# [WHAT TO PRODUCE]
Look through the data below for the line with "using \<open>r\<^sup>2 \<le>" and the line with "define z where", then output those two and all lines in between, exactly as written.

# [INFORMATION GIVEN]
--- START ---
(* Let $E$ be a real Hilbert space with $\dim(E)\ge2$, $h\in E$ a unit vector, $H^+=\{x\in E\mid (h,x)>0\}$, and define $\preceq$ on $H^+$ by $x\preceq y\iff\|x-y_\perp\|\le y_h$. Then (a) every finite subset of $H^+$ has a right bound in $(H^+,\preceq)$; (b) a pair $x,y\in H^+$ has a left bound in $(H^+,\preceq)$ if and only if $\|x_\perp-y_\perp\|<x_h+y_h$.
   Context: For $x\in E$, $x_h=(h,x)$ and $x_\perp=x-(h,x)h$. A right bound of $P$ is an $s\in H^+$ with $p\preceq s$ for all $p\in P$; a left bound is an $s\in H^+$ with $s\preceq p$ for all $p\in P$. *)

theory Defs
  imports "HOL-Analysis.Analysis"
begin

definition hcomp :: "'a::real_inner \<Rightarrow> 'a \<Rightarrow> real" where
  "hcomp h x = h \<bullet> x"

definition hperp :: "'a::real_inner \<Rightarrow> 'a \<Rightarrow> 'a" where
  "hperp h x = x - (h \<bullet> x) *\<^sub>R h"

definition Hplus :: "'a::real_inner \<Rightarrow> 'a set" where
  "Hplus h = {x. h \<bullet> x > 0}"

definition hprec :: "'a::real_inner \<Rightarrow> 'a \<Rightarrow> 'a \<Rightarrow> bool" where
  "hprec h x y \<longleftrightarrow> x \<in> Hplus h \<and> y \<in> Hplus h \<and> norm (x - hperp h y) \<le> hcomp h y"

definition right_bound :: "'a::real_inner \<Rightarrow> 'a set \<Rightarrow> 'a \<Rightarrow> bool" where
  "right_bound h P s \<longleftrightarrow> s \<in> Hplus h \<and> (\<forall>p\<in>P. hprec h p s)"

definition left_bound :: "'a::real_inner \<Rightarrow> 'a set \<Rightarrow> 'a \<Rightarrow> bool" where
  "left_bound h P s \<longleftrightarrow> s \<in> Hplus h \<and> (\<forall>p\<in>P. hprec h s p)"

end

theory Submission
  imports Defs
begin

text \<open>Writing a point as \<open>x = x\<^sub>\<bottom> + x\<^sub>h h\<close>, Pythagoras turns \<open>s \<preceq> x\<close> into
  \<open>\<parallel>s\<^sub>\<bottom> - x\<^sub>\<bottom>\<parallel>\<^sup>2 + s\<^sub>h\<^sup>2 \<le> x\<^sub>h\<^sup>2\<close>: the points below \<open>x\<close> form the open upper half of a ball of
  radius \<open>x\<^sub>h\<close> centred at \<open>x\<^sub>\<bottom>\<close>. A large multiple of \<open>h\<close> therefore dominates any finite set.
  Two such half-balls meet iff their centres are closer than the sum of the radii; a common point
  is found above the point dividing \<open>[x\<^sub>\<bottom>, y\<^sub>\<bottom>]\<close> in the ratio \<open>x\<^sub>h : y\<^sub>h\<close>, at a small positive
  height.\<close>

lemma inner_hperp_eq_0: "norm h = 1 \<Longrightarrow> h \<bullet> hperp h x = 0"
  by (simp add: hperp_def inner_diff_right norm_eq_1)

lemma hperp_add_scaleR:
  assumes "norm h = 1" "h \<bullet> z = 0"
  shows "hperp h (z + c *\<^sub>R h) = z" and "hcomp h (z + c *\<^sub>R h) = c"
  using assms by (simp_all add: hperp_def hcomp_def inner_add_right norm_eq_1)

lemma norm_diff_hperp_squared:
  assumes "norm h = 1"
  shows "(norm (s - hperp h x))\<^sup>2 = (norm (hperp h s - hperp h x))\<^sup>2 + (hcomp h s)\<^sup>2"
proof -
  have "h \<bullet> (hperp h s - hperp h x) = 0"
    using assms by (simp add: inner_diff_right inner_hperp_eq_0)
  then have "orthogonal (hperp h s - hperp h x) (hcomp h s *\<^sub>R h)"
    by (simp add: orthogonal_def inner_commute)
  moreover have "s - hperp h x = (hperp h s - hperp h x) + hcomp h s *\<^sub>R h"
    by (simp add: hperp_def hcomp_def)
  ultimately have "(norm (s - hperp h x))\<^sup>2 =
      (norm (hperp h s - hperp h x))\<^sup>2 + (norm (hcomp h s *\<^sub>R h))\<^sup>2"
    by (simp only: norm_add_Pythagorean)
  then show ?thesis
    using assms by simp
qed

lemma hprec_iff:
  assumes "norm h = 1"
  shows "hprec h s x \<longleftrightarrow> s \<in> Hplus h \<and> x \<in> Hplus h \<and>
           (norm (hperp h s - hperp h x))\<^sup>2 + (hcomp h s)\<^sup>2 \<le> (hcomp h x)\<^sup>2"
proof -
  have "norm (s - hperp h x) \<le> hcomp h x \<longleftrightarrow>
      (norm (hperp h s - hperp h x))\<^sup>2 + (hcomp h s)\<^sup>2 \<le> (hcomp h x)\<^sup>2"
    if "x \<in> Hplus h"
  proof -
    have "hcomp h x \<ge> 0"
      using that by (simp add: Hplus_def hcomp_def)
    then have "norm (s - hperp h x) \<le> hcomp h x \<longleftrightarrow> (norm (s - hperp h x))\<^sup>2 \<le> (hcomp h x)\<^sup>2"
      by (simp add: power2_le_iff_abs_le)
    then show ?thesis
      by (simp only: norm_diff_hperp_squared[OF assms, of s x])
  qed
  then show ?thesis
    unfolding hprec_def by blast
qed

lemma hprec_scaleR_h_iff:
  assumes "norm h = 1" "R > 0"
  shows "hprec h p (R *\<^sub>R h) \<longleftrightarrow> p \<in> Hplus h \<and> norm p \<le> R"
  using hperp_add_scaleR[OF assms(1), of 0 R] assms
  by (auto simp: hprec_def Hplus_def norm_eq_1)

lemma right_bound_finite:
  assumes "norm h = 1" "finite P" "P \<subseteq> Hplus h"
  shows "\<exists>s. right_bound h P s"
proof -
  define R where "R = 1 + (\<Sum>p\<in>P. norm p)"
  have "R > 0"
    unfolding R_def by (smt (verit) sum_nonneg norm_ge_zero)
  moreover have "norm p \<le> R" if "p \<in> P" for p
    using member_le_sum[of p P norm] assms(2) that by (simp add: R_def)
  ultimately have "right_bound h P (R *\<^sub>R h)"
    using assms by (auto simp: right_bound_def hprec_scaleR_h_iff Hplus_def norm_eq_1)
  then show ?thesis ..
qed

lemma hprec_imp_norm_hperp_less:
  assumes "norm h = 1" "hprec h s x"
  shows "norm (hperp h s - hperp h x) < hcomp h x"
proof -
  have "hcomp h s > 0" "hcomp h x > 0"
    using assms(2) by (auto simp: hprec_def Hplus_def hcomp_def)
  moreover have "(norm (hperp h s - hperp h x))\<^sup>2 + (hcomp h s)\<^sup>2 \<le> (hcomp h x)\<^sup>2"
    using assms hprec_iff by blast
  ultimately have "(norm (hperp h s - hperp h x))\<^sup>2 < (hcomp h x)\<^sup>2"
    by (smt (verit) zero_less_power2)
  with \<open>hcomp h x > 0\<close> show ?thesis
    using power_less_imp_less_base by fastforce
qed

lemma left_bound_pair_imp_norm_hperp_less:
  assumes "norm h = 1" "left_bound h {x, y} s"
  shows "norm (hperp h x - hperp h y) < hcomp h x + hcomp h y"
proof (rule norm_diff_triangle_less)
  show "norm (hperp h x - hperp h s) < hcomp h x"
    using assms hprec_imp_norm_hperp_less norm_minus_commute
    by (metis insertI1 left_bound_def)
  show "norm (hperp h s - hperp h y) < hcomp h y"
    using assms hprec_imp_norm_hperp_less by (meson insertCI left_bound_def)
qed

lemma hprec_above_iff:
  assumes "norm h = 1" "h \<bullet> z = 0" "c > 0"
  shows "hprec h (z + c *\<^sub>R h) x \<longleftrightarrow>
           x \<in> Hplus h \<and> (norm (z - hperp h x))\<^sup>2 + c\<^sup>2 \<le> (hcomp h x)\<^sup>2"
  using assms by (simp add: hprec_iff hperp_add_scaleR Hplus_def flip: hcomp_def)

lemma power2_mult_add_power2_sqrt_le:
  fixes e m r :: real
  assumes "0 \<le> m" "m \<le> e" "0 \<le> r" "r \<le> 1"
  shows "(e * r)\<^sup>2 + (m * sqrt (1 - r\<^sup>2))\<^sup>2 \<le> e\<^sup>2"
proof -
  have "r\<^sup>2 \<le> 1"
    using assms by (simp add: abs_square_le_1)
  moreover have "m\<^sup>2 \<le> e\<^sup>2"
    using assms by (simp add: power_mono)
  ultimately have "(e * r)\<^sup>2 + m\<^sup>2 * (1 - r\<^sup>2) \<le> (e * r)\<^sup>2 + e\<^sup>2 * (1 - r\<^sup>2)"
    by (simp add: mult_right_mono)
  also have "\<dots> = e\<^sup>2"
    by (simp add: algebra_simps)
  finally show ?thesis
    using \<open>r\<^sup>2 \<le> 1\<close> by (simp add: power_mult_distrib)
qed

lemma left_bound_pair_exists:
  assumes unit: "norm h = 1" and "x \<in> Hplus h" "y \<in> Hplus h"
    and close: "norm (hperp h x - hperp h y) < hcomp h x + hcomp h y"
  shows "\<exists>s. left_bound h {x, y} s"
proof -
  define a where "a = hcomp h x"
  define b where "b = hcomp h y"
  have "a > 0" "b > 0"
    using assms(2,3) by (simp_all add: a_def b_def hcomp_def Hplus_def)
  define r where "r = norm (hperp h x - hperp h y) / (a + b)"
  have r: "0 \<le> r" "r \<le> 1" "r < 1"
    using \<open>a > 0\<close> \<open>b > 0\<close> close by (simp_all add: r_def a_def b_def)
  define z where "z = hperp h x + (a / (a + b)) *\<^sub>R (hperp h y - hperp h x)"
  define c where "c = min a b * sqrt (1 - r\<^sup>2)"
  have z: "h \<bullet> z = 0"
    using unit by (simp add: z_def inner_add_right inner_diff_right inner_hperp_eq_0)
  have c: "c > 0"
    using \<open>a > 0\<close> \<open>b > 0\<close> r by (simp add: c_def abs_square_less_1)
  have "norm (z - hperp h x) = a * r"
    using \<open>a > 0\<close> \<open>b > 0\<close> by (simp add: z_def r_def norm_minus_commute)
  then have "(norm (z - hperp h x))\<^sup>2 + c\<^sup>2 \<le> a\<^sup>2"
    using power2_mult_add_power2_sqrt_le[of "min a b" a r] \<open>a > 0\<close> \<open>b > 0\<close> r by (simp add: c_def)
  then have "hprec h (z + c *\<^sub>R h) x"
    using assms(2) by (simp add: hprec_above_iff[OF unit z c] a_def)
  have "1 - a / (a + b) = b / (a + b)"
    using \<open>a > 0\<close> \<open>b > 0\<close> by (simp add: field_simps)
  moreover have "z - hperp h y = (1 - a / (a + b)) *\<^sub>R (hperp h x - hperp h y)"
    by (simp add: z_def algebra_simps)
  ultimately have "z - hperp h y = (b / (a + b)) *\<^sub>R (hperp h x - hperp h y)"
    by simp
  then have "norm (z - hperp h y) = b * r"
    using \<open>a > 0\<close> \<open>b > 0\<close> by (simp add: r_def)
  then have "(norm (z - hperp h y))\<^sup>2 + c\<^sup>2 \<le> b\<^sup>2"
    using power2_mult_add_power2_sqrt_le[of "min a b" b r] \<open>a > 0\<close> \<open>b > 0\<close> r by (simp add: c_def)
  then have "hprec h (z + c *\<^sub>R h) y"
    using assms(3) by (simp add: hprec_above_iff[OF unit z c] b_def)
  moreover have "z + c *\<^sub>R h \<in> Hplus h"
    using \<open>hprec h (z + c *\<^sub>R h) y\<close> by (simp add: hprec_def)
  ultimately show ?thesis
    using \<open>hprec h (z + c *\<^sub>R h) x\<close> by (auto simp: left_bound_def)
qed

theorem mainTheorem18:
  fixes h :: "'a::{real_inner, complete_space}"
  assumes dim2: "\<exists>u v::'a. u \<noteq> v \<and> independent {u, v}"
    and unit: "norm h = 1"
  shows "(\<forall>P. finite P \<and> P \<subseteq> Hplus h \<longrightarrow> (\<exists>s. right_bound h P s))
       \<and> (\<forall>x\<in>Hplus h. \<forall>y\<in>Hplus h.
            (\<exists>s. left_bound h {x, y} s) \<longleftrightarrow>
            norm (hperp h x - hperp h y) < hcomp h x + hcomp h y)"
proof (intro conjI allI impI ballI iffI)
  fix P :: "'a set"
  assume "finite P \<and> P \<subseteq> Hplus h"
  then show "\<exists>s. right_bound h P s"
    by (simp add: right_bound_finite[OF unit])
next
  fix x y
  assume "\<exists>s. left_bound h {x, y} s"
  then show "norm (hperp h x - hperp h y) < hcomp h x + hcomp h y"
    using left_bound_pair_imp_norm_hperp_less[OF unit] by (elim exE)
next
  fix x y
  assume "x \<in> Hplus h" "y \<in> Hplus h" "norm (hperp h x - hperp h y) < hcomp h x + hcomp h y"
  then show "\<exists>s. left_bound h {x, y} s"
    by (rule left_bound_pair_exists[OF unit])
qed

end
--- END ---
# [THE COMPLETED TASK]
    using \<open>r\<^sup>2 \<le> 1\<close> by (simp add: power_mult_distrib)
qed

lemma left_bound_pair_exists:
  assumes unit: "norm h = 1" and "x \<in> Hplus h" "y \<in> Hplus h"
    and close: "norm (hperp h x - hperp h y) < hcomp h x + hcomp h y"
  shows "\<exists>s. left_bound h {x, y} s"
proof -
  define a where "a = hcomp h x"
  define b where "b = hcomp h y"
  have "a > 0" "b > 0"
    using assms(2,3) by (simp_all add: a_def b_def hcomp_def Hplus_def)
  define r where "r = norm (hperp h x - hperp h y) / (a + b)"
  have r: "0 \<le> r" "r \<le> 1" "r < 1"
    using \<open>a > 0\<close> \<open>b > 0\<close> close by (simp_all add: r_def a_def b_def)
  define z where "z = hperp h x + (a / (a + b)) *\<^sub>R (hperp h y - hperp h x)"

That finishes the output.